On the way back to Hokitika, we stopped at the Tree Top Walkway cafe for a quick coffee (and a cheeky Tim Tam Slam, of course). Just as we were leaving, a handful of silver-haired e-bikers turned up, one of whom immediately struck up a conversation with Sara and heavily recommended e-bikes over our traditional cycles. Searching for something polite to say that didn’t involve the word ‘cheating’ (we’re still very bitter from our rivalry on the Otago Central Rail Trail!), Sara told him that we needed the exercise because we eat far too much chocolate. He immediately replied, “Oh, but you need to pedal these too!” This really made us smile since it was one of two conversation topics that always seems to come up when we speak to the e-biker crowd. “So I hear,” Sara replied as we cycled off, “Next you’ll be telling us how rarely you need to charge the battery!” thereby checking off the second conversation topic.

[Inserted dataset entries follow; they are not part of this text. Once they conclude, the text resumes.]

lemma sum_nth_scaleR_ebas: "(\<Sum>w\<in>UNIV. z $ w *\<^sub>R ebas w) = z"
  using basis_expansion[of z] by (simp add: ebas_def scalar_mult_eq_scaleR)

lemma simplexV_weighted_sum_shift:
  assumes "z \<in> simplexV"
  shows "(\<Sum>w\<in>UNIV. z $ w * c w) - c0 = (\<Sum>w\<in>UNIV. z $ w * (c w - c0))"
  using simplexV_sum[OF assms]
  by (simp add: right_diff_distrib sum_subtractf sum_distrib_right[symmetric])

lemma simplexV_weighted_sum_ge:
  assumes z: "z \<in> simplexV" and min: "\<And>w. c w0 \<le> c w"
  shows "c w0 \<le> (\<Sum>w\<in>UNIV. z $ w * c w)"
proof -
  have "0 \<le> (\<Sum>w\<in>UNIV. z $ w * (c w - c w0))"
    using simplexV_nonneg[OF z] min by (intro sum_nonneg) simp
  then show ?thesis using simplexV_weighted_sum_shift[OF z, of c "c w0"] by simp
qed

lemma simplexV_weighted_sum_eq_min:
  assumes z: "z \<in> simplexV" and min: "\<And>w. w \<noteq> w0 \<Longrightarrow> c w0 < c w"
    and le: "(\<Sum>w\<in>UNIV. z $ w * c w) \<le> c w0"
  shows "z = ebas w0"
proof -
  have nonneg: "0 \<le> z $ w * (c w - c w0)" for w
    using simplexV_nonneg[OF z, of w] min[of w] by (cases "w = w0") auto
  have "(\<Sum>w\<in>UNIV. z $ w * (c w - c w0)) \<le> 0"
    using le simplexV_weighted_sum_shift[OF z, of c "c w0"] by simp
  then have "(\<Sum>w\<in>UNIV. z $ w * (c w - c w0)) = 0"
    by (meson antisym nonneg sum_nonneg)
  then have "z $ w * (c w - c w0) = 0" for w
    using nonneg by (simp add: sum_nonneg_eq_0_iff)
  then have off: "z $ w = 0" if "w \<noteq> w0" for w
    using min[OF that] by force
  have "(\<Sum>w\<in>UNIV. z $ w) = z $ w0"
    using off by (subst sum.remove[of UNIV w0]) (auto intro: sum.neutral)
  then have "z $ w0 = 1" using simplexV_sum[OF z] by simp
  with off show ?thesis by (auto simp: vec_eq_iff ebas_nth)
qed
lemma norm_newton_step_le:
  fixes g :: "real^'n \<Rightarrow> real^'n" and H :: "real^'n \<Rightarrow> real^'n^'n"
  assumes inv: "\<forall>dx dla dlu. norm (dx, dla, dlu) \<le> M * norm (Fprime H l u x la lu dx dla dlu)"
    and M: "0 \<le> M"
    and newton: "Fprime H l u x la lu dx dla dlu = - Fmu g l u (\<sigma> * mu) x la lu"
    and Fmu_le: "norm (Fmu g l u mu x la lu) \<le> C1 * mu"
    and mu: "0 < mu" and sigma: "0 \<le> \<sigma>" "\<sigma> \<le> 1"
  shows "norm dx \<le> M * ((C1 + 2 * real CARD('n)) * mu)"
proof -
  have "\<bar>mu - \<sigma> * mu\<bar> \<le> mu" using mu sigma by (simp add: mult_le_cancel_right1)
  then have "2 * real CARD('n) * \<bar>mu - \<sigma> * mu\<bar> \<le> 2 * real CARD('n) * mu"
    by (intro mult_left_mono) auto
  then have "norm (Fmu g l u (\<sigma> * mu) x la lu) \<le> (C1 + 2 * real CARD('n)) * mu"
    using norm_Fmu_change_mu_le[of g l u "\<sigma> * mu" x la lu mu] Fmu_le
    unfolding distrib_right by linarith
  then have "M * norm (Fmu g l u (\<sigma> * mu) x la lu) \<le> M * ((C1 + 2 * real CARD('n)) * mu)"
    using M by (rule mult_left_mono)
  moreover have "norm dx \<le> M * norm (Fmu g l u (\<sigma> * mu) x la lu)"
  proof -
    have "norm dx \<le> norm (dx, dla, dlu)" by (rule norm_fst_le)
    also have "\<dots> \<le> M * norm (Fprime H l u x la lu dx dla dlu)" using inv by blast
    finally show ?thesis unfolding newton by simp
  qed
  ultimately show ?thesis by linarith
qed

lemma diagonal_pos_of_restricted_pos_def:
  fixes A :: "real^'n^'n"
  assumes pos: "\<forall>v. v \<noteq> 0 \<and> (\<forall>k. P k \<longrightarrow> v$k = 0) \<longrightarrow> v \<bullet> (A *v v) > 0"
    and "\<not> P i"
  shows "0 < A $ i $ i"
proof -
  have "axis i (1::real) \<noteq> 0" by simp
  moreover have "\<forall>k. P k \<longrightarrow> axis i (1::real) $ k = 0"
    using assms(2) by (auto simp: axis_def)
  ultimately have "axis i (1::real) \<bullet> (A *v axis i 1) > 0"
    using pos by blast
  moreover have "(A *v axis i 1) $ i = A $ i $ i"
    by (simp add: matrix_vector_mult_def axis_def if_distrib cong: if_cong)
  ultimately show ?thesis by (simp add: inner_axis')
qed

definition local_margins ::
  "(real^'n \<Rightarrow> real^'n^'n) \<Rightarrow> real^'n \<Rightarrow> real^'n \<Rightarrow> real^'n \<Rightarrow> real^'n \<Rightarrow> real^'n \<Rightarrow>
   real \<Rightarrow> real \<Rightarrow> real \<Rightarrow> real \<Rightarrow> bool" where
  "local_margins H l u xs las lus e q h B \<longleftrightarrow>
     (\<forall>x la lu. norm ((x, la, lu) - (xs, las, lus)) < e \<longrightarrow>
        (\<forall>i. xs$i = l$i \<longrightarrow> q \<le> la$i) \<and>
        (\<forall>i. xs$i = u$i \<longrightarrow> q \<le> lu$i) \<and>
        (\<forall>i. \<not> (xs$i = l$i \<or> xs$i = u$i) \<longrightarrow>
           q \<le> x$i - l$i \<and> q \<le> u$i - x$i \<and> la$i \<le> q \<and> lu$i \<le> q \<and> h \<le> H x $ i $ i) \<and>
        (\<forall>i j. \<bar>H x $ i $ j\<bar> \<le> B))"

lemma finite_pos_lower_bound:
  fixes f :: "'i::finite \<Rightarrow> real"
  assumes "\<forall>i. 0 < f i"
  obtains m where "0 < m" "\<forall>i. m \<le> f i"
  using assms by (intro that[of "Min (range f)"]) auto

lemma continuous_on_matrix_entries_close:
  fixes H :: "'a::metric_space \<Rightarrow> real^'n^'m"
  assumes "continuous_on UNIV H" "0 < \<epsilon>"
  obtains \<eta> where "0 < \<eta>" "\<And>x i j. dist x y < \<eta> \<Longrightarrow> \<bar>H x $ i $ j - H y $ i $ j\<bar> < \<epsilon>"
proof -
  obtain \<eta> where "0 < \<eta>" and \<eta>: "\<And>x. dist x y < \<eta> \<Longrightarrow> dist (H x) (H y) < \<epsilon>"
    using assms unfolding continuous_on_iff by blast
  show ?thesis
  proof (rule that[OF \<open>0 < \<eta>\<close>])
    fix x i j assume "dist x y < \<eta>"
    then show "\<bar>H x $ i $ j - H y $ i $ j\<bar> < \<epsilon>"
      using \<eta> abs_matrix_entry_le_norm[of "H x - H y" i j] by (fastforce simp: dist_norm)
  qed
qed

Arriving back in Hokitika, we returned the bikes and celebrated with fush & chups in a ship-come-picnic-spot at Sunset Point. Not only was this a very comfortable spot (the ship even had lighting and a heat lamp!), but it also acted as a memorial to the ships that had collided, wrecked or run aground just off Hokitika’s shores. This seemed to happen with alarming frequency, peaking at one incident every 10 days in 1866! Fortunately, our ship was in dry dock on top of the causeway, so we managed to avoid adding to such concerning statistics.

After sunset, we popped into the Glow Worm Dell, a woodland walk where you can spot the light of thousands of tiny glow worms in the trees. However, the glow worms don’t like light, so imagine stumbling around on a rough track in the pitch black with a handful of other people all doing the same. Somehow we managed to avoid any direct collisions, which was lucky as we only learned on the way out that we should have been keeping to the left of the path. To be honest, this would have been a bit tricky anyway, given we couldn’t see the path!


Satisfied with our 42 km taste of the West Coast Wilderness Trail, we returned to our camper van with an ambitious plan to make it to the end of the Great Coast Road the following day.